**Problem details:**
Go through the data below and return each line where the string "intro" occurs.

◇ ◇ ◇ ◇ ◇ ◇ ◇

lemma sum_list_dominated_by_list_value:
  assumes "\<And>q. f q < top"
  obtains C where "C < top" "\<And>\<alpha>. sum_list (map f \<alpha>) \<le> C * list_value \<alpha>"
proof -
  obtain \<epsilon> where \<epsilon>: "0 < \<epsilon>" "\<And>q a. a \<in> A q \<Longrightarrow> \<epsilon> \<le> c q a"
    using cost_lower_bound by blast
  define B where "B = Max (range f)"
  have "B < top" using assms by (simp add: B_def)
  define C where "C = B * ennreal (1 / \<epsilon>)"
  have "C < top" using \<open>B < top\<close> by (simp add: C_def ennreal_mult_less_top)
  moreover have "sum_list (map f \<alpha>) \<le> C * list_value \<alpha>" for \<alpha>
  proof -
    have "sum_list (map f \<alpha>) \<le> sum_list (map (\<lambda>_. B) \<alpha>)"
      by (intro sum_list_mono) (simp add: B_def)
    also have "\<dots> = B * (ennreal (1 / \<epsilon>) * ennreal \<epsilon>) * of_nat (length \<alpha>)"
      using \<epsilon>(1) by (simp add: sum_list_triv ac_simps flip: ennreal_mult)
    also have "\<dots> = C * (ennreal \<epsilon> * of_nat (length \<alpha>))"
      by (simp only: C_def ac_simps)
    also have "\<dots> \<le> C * list_value \<alpha>"
      using \<epsilon> by (intro mult_left_mono length_le_list_value) auto
    finally show ?thesis .
  qed
  ultimately show thesis by (rule that)
qed

definition opt_cost :: "'q list \<Rightarrow> ennreal" where
  "opt_cost \<alpha> = (if \<alpha> = [] then 0 else ennreal (c (\<alpha> ! fst (opt_action \<alpha>)) (snd (opt_action \<alpha>))))"

text \<open>The empty list is made absorbing, so that \<open>opt_kernel\<close> is a total Markov kernel.\<close>

definition opt_kernel :: "'q list \<Rightarrow> 'q list pmf" where
  "opt_kernel \<alpha> = (if \<alpha> = [] then return_pmf [] else
     map_pmf (replace_at \<alpha> (fst (opt_action \<alpha>))) (p (\<alpha> ! fst (opt_action \<alpha>)) (snd (opt_action \<alpha>))))"

lemma policy_eval_op_opt:
  "policy_eval_op opt_cost opt_kernel f \<alpha> = (if \<alpha> = [] then f [] else list_qvalue f \<alpha> (opt_action \<alpha>))"
  by (simp add: policy_eval_op_def transition_op_def opt_cost_def opt_kernel_def list_qvalue_def)

lemma lfp_policy_eval_op_opt: "lfp (policy_eval_op opt_cost opt_kernel) = list_value"
proof (rule antisym)
  show "lfp (policy_eval_op opt_cost opt_kernel) \<le> list_value"
    by (rule lfp_lowerbound) (simp add: le_fun_def policy_eval_op_opt opt_action(2))
  show "list_value \<le> lfp (policy_eval_op opt_cost opt_kernel)"
    unfolding list_value_def
    by (intro lfp_mono le_funI) (simp add: policy_eval_op_opt bellman_list_le_list_qvalue opt_action(1))
qed

lemma sum_list_post_fixpoint_opt:
  assumes "f \<le> bellman_type f"
  shows "(\<lambda>\<alpha>. sum_list (map f \<alpha>)) \<le> policy_eval_op opt_cost opt_kernel (\<lambda>\<alpha>. sum_list (map f \<alpha>))"
proof (rule le_funI)
  fix \<alpha> :: "'q list"
  show "sum_list (map f \<alpha>) \<le> policy_eval_op opt_cost opt_kernel (\<lambda>\<alpha>. sum_list (map f \<alpha>)) \<alpha>"
  proof (cases "\<alpha> = []")
    case False
    obtain i a where ia: "opt_action \<alpha> = (i, a)" by force
    then have i: "i < length \<alpha>" and a: "a \<in> A (\<alpha> ! i)"
      using opt_action(1)[OF False] by (auto simp: enabled_def)
    have "f (\<alpha> ! i) \<le> type_qvalue f (\<alpha> ! i) a"
      using le_funD[OF assms] bellman_type_le_type_qvalue[OF a] by (rule order_trans)
    have "sum_list (map f \<alpha>) = sum_list (map f (replace_at \<alpha> i [])) + f (\<alpha> ! i)"
      using sum_list_map_replace_at[of f \<alpha> i "[\<alpha> ! i]"] by (simp add: replace_at_nth_self[OF i])
    also have "\<dots> \<le> sum_list (map f (replace_at \<alpha> i [])) + type_qvalue f (\<alpha> ! i) a"
      using \<open>f (\<alpha> ! i) \<le> type_qvalue f (\<alpha> ! i) a\<close> by (rule add_left_mono)
    also have "\<dots> = list_qvalue (\<lambda>\<alpha>. sum_list (map f \<alpha>)) \<alpha> (i, a)"
      by (rule list_qvalue_sum_list[OF i, symmetric])
    also have "\<dots> = policy_eval_op opt_cost opt_kernel (\<lambda>\<alpha>. sum_list (map f \<alpha>)) \<alpha>"
      using False ia by (simp only: policy_eval_op_opt if_False)
    finally show ?thesis .
  qed simp
qed

lemma sum_list_le_list_value:
  assumes "f \<le> bellman_type f" and "\<And>q. f q < top"
  shows "sum_list (map f \<alpha>) \<le> list_value \<alpha>"
proof (cases "list_value \<alpha> < top")
  case True
  obtain C where "C < top" "\<And>\<beta>. sum_list (map f \<beta>) \<le> C * list_value \<beta>"
    using sum_list_dominated_by_list_value[of f] assms(2) by blast
  with True show ?thesis
    using dominated_post_fixpoint_le_lfp[OF sum_list_post_fixpoint_opt[OF assms(1)], of C \<alpha>]
    unfolding lfp_policy_eval_op_opt by blast
qed (simp add: not_less top_unique)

◇ ◇ ◇ ◇ ◇ ◇ ◇

**Your solution:**
      by (intro sum_list_mono) (simp add: B_def)
      using \<epsilon> by (intro mult_left_mono length_le_list_value) auto
    by (intro lfp_mono le_funI) (simp add: policy_eval_op_opt bellman_list_le_list_qvalue opt_action(1))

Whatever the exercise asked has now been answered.